#### WHAT IS REQUIRED:
Exactly reproduce each line of the listing that follows.
——————————
(* Let $\mathcal G=(V_{\min},V_{\max},E,w,\lambda)$ be a discounted payoff game, let $\sigma$ be a joint strategy, and let $\nu$ be an optimal solution for $f_\sigma$, i.e. a basis valuation of $H$ that minimises $f_\sigma$ over all solutions of $H$. Then: (1) if $\sigma$ is co-optimal, then $f_\sigma(\nu)=0$; (2) if $\nu$ defines strategies for both players and these strategies are the ones given by $\sigma$ (i.e. for every $v\in V$ the inequation $I_{(v,\sigma(v))}$ holds with equality at $\nu$), then $\sigma$ is co-optimal and $\nu=\mathrm{val}(\mathcal G)$.
   Context: A discounted payoff game (DPG) is a tuple $\mathcal G=(V_{\min},V_{\max},E,w,\lambda)$ where $V=V_{\min}\cup V_{\max}$ is a finite set of vertices partitioned into disjoint sets $V_{\min}$ (controlled by player Min) and $V_{\max}$ (controlled by player Max), $E\subseteq V\times V$ is such that every vertex has at least one outgoing edge, $w:E\to\mathbb R$ is a weight function and $\lambda:E\to[0,1)$ a discount function (write $w_e,\lambda_e$). The outcome of an infinite play $e_0e_1e_2\ldots$ (with $e_i=(v_i,v_{i+1})\in E$) is $\sum_{i\ge0}w_{e_i}\prod_{j<i}\lambda_{e_j}$. A joint strategy is a map $\sigma:V\to V$ with $(v,\sigma(v))\in E$ for all $v$; its restrictions to $V_{\min}$ and $V_{\max}$ are positional strategies of Min and Max. $\mathrm{val}(\sigma)(v)$ is the outcome of the unique play from $v$ following $\sigma$. The value of the game is $\mathrm{val}(\mathcal G)(v)=\sup_{\sigma_{\max}}\inf_{\sigma_{\min}}$ of the outcome of the play from $v$ (over positional strategies; these games are positionally determined). A joint strategy $\sigma$ is co-optimal iff $\mathrm{val}(\sigma)=\mathrm{val}(\mathcal G)$. $H$ is the system of inequations over unknowns $x\in\mathbb R^V$ containing, for each edge $e=(v,v')$, the inequation $I_e$: $x(v)\ge w_e+\lambda_e x(v')$ if $v\in V_{\max}$ and $x(v)\le w_e+\lambda_e x(v')$ if $v\in V_{\min}$. For a valuation $x$ and edge $(v,v')$, $\mathsf{offset}(x,(v,v'))=x(v)-(w_{(v,v')}+\lambda_{(v,v')}x(v'))$ if $v\in V_{\max}$ and $(w_{(v,v')}+\lambda_{(v,v')}x(v'))-x(v)$ otherwise. For a joint strategy $\sigma$, $f_\sigma(x)=\sum_{v\in V}\mathsf{offset}(x,(v,\sigma(v)))$. A basis of $H$ is a set of $|V|$ inequations of $H$ whose equality versions have a unique common solution; if that solution satisfies all of $H$ it is called the (basis) valuation of that basis. A valuation $x$ defines strategies for both players if every vertex $v$ has an outgoing edge $e$ such that $I_e$ holds with equality at $x$. *)

theory Defs
  imports "HOL-Analysis.Analysis"
begin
——————————
#### RESPONSE:
(* Let $\mathcal G=(V_{\min},V_{\max},E,w,\lambda)$ be a discounted payoff game, let $\sigma$ be a joint strategy, and let $\nu$ be an optimal solution for $f_\sigma$, i.e. a basis valuation of $H$ that minimises $f_\sigma$ over all solutions of $H$. Then: (1) if $\sigma$ is co-optimal, then $f_\sigma(\nu)=0$; (2) if $\nu$ defines strategies for both players and these strategies are the ones given by $\sigma$ (i.e. for every $v\in V$ the inequation $I_{(v,\sigma(v))}$ holds with equality at $\nu$), then $\sigma$ is co-optimal and $\nu=\mathrm{val}(\mathcal G)$.
   Context: A discounted payoff game (DPG) is a tuple $\mathcal G=(V_{\min},V_{\max},E,w,\lambda)$ where $V=V_{\min}\cup V_{\max}$ is a finite set of vertices partitioned into disjoint sets $V_{\min}$ (controlled by player Min) and $V_{\max}$ (controlled by player Max), $E\subseteq V\times V$ is such that every vertex has at least one outgoing edge, $w:E\to\mathbb R$ is a weight function and $\lambda:E\to[0,1)$ a discount function (write $w_e,\lambda_e$). The outcome of an infinite play $e_0e_1e_2\ldots$ (with $e_i=(v_i,v_{i+1})\in E$) is $\sum_{i\ge0}w_{e_i}\prod_{j<i}\lambda_{e_j}$. A joint strategy is a map $\sigma:V\to V$ with $(v,\sigma(v))\in E$ for all $v$; its restrictions to $V_{\min}$ and $V_{\max}$ are positional strategies of Min and Max. $\mathrm{val}(\sigma)(v)$ is the outcome of the unique play from $v$ following $\sigma$. The value of the game is $\mathrm{val}(\mathcal G)(v)=\sup_{\sigma_{\max}}\inf_{\sigma_{\min}}$ of the outcome of the play from $v$ (over positional strategies; these games are positionally determined). A joint strategy $\sigma$ is co-optimal iff $\mathrm{val}(\sigma)=\mathrm{val}(\mathcal G)$. $H$ is the system of inequations over unknowns $x\in\mathbb R^V$ containing, for each edge $e=(v,v')$, the inequation $I_e$: $x(v)\ge w_e+\lambda_e x(v')$ if $v\in V_{\max}$ and $x(v)\le w_e+\lambda_e x(v')$ if $v\in V_{\min}$. For a valuation $x$ and edge $(v,v')$, $\mathsf{offset}(x,(v,v'))=x(v)-(w_{(v,v')}+\lambda_{(v,v')}x(v'))$ if $v\in V_{\max}$ and $(w_{(v,v')}+\lambda_{(v,v')}x(v'))-x(v)$ otherwise. For a joint strategy $\sigma$, $f_\sigma(x)=\sum_{v\in V}\mathsf{offset}(x,(v,\sigma(v)))$. A basis of $H$ is a set of $|V|$ inequations of $H$ whose equality versions have a unique common solution; if that solution satisfies all of $H$ it is called the (basis) valuation of that basis. A valuation $x$ defines strategies for both players if every vertex $v$ has an outgoing edge $e$ such that $I_e$ holds with equality at $x$. *)

theory Defs
  imports "HOL-Analysis.Analysis"
begin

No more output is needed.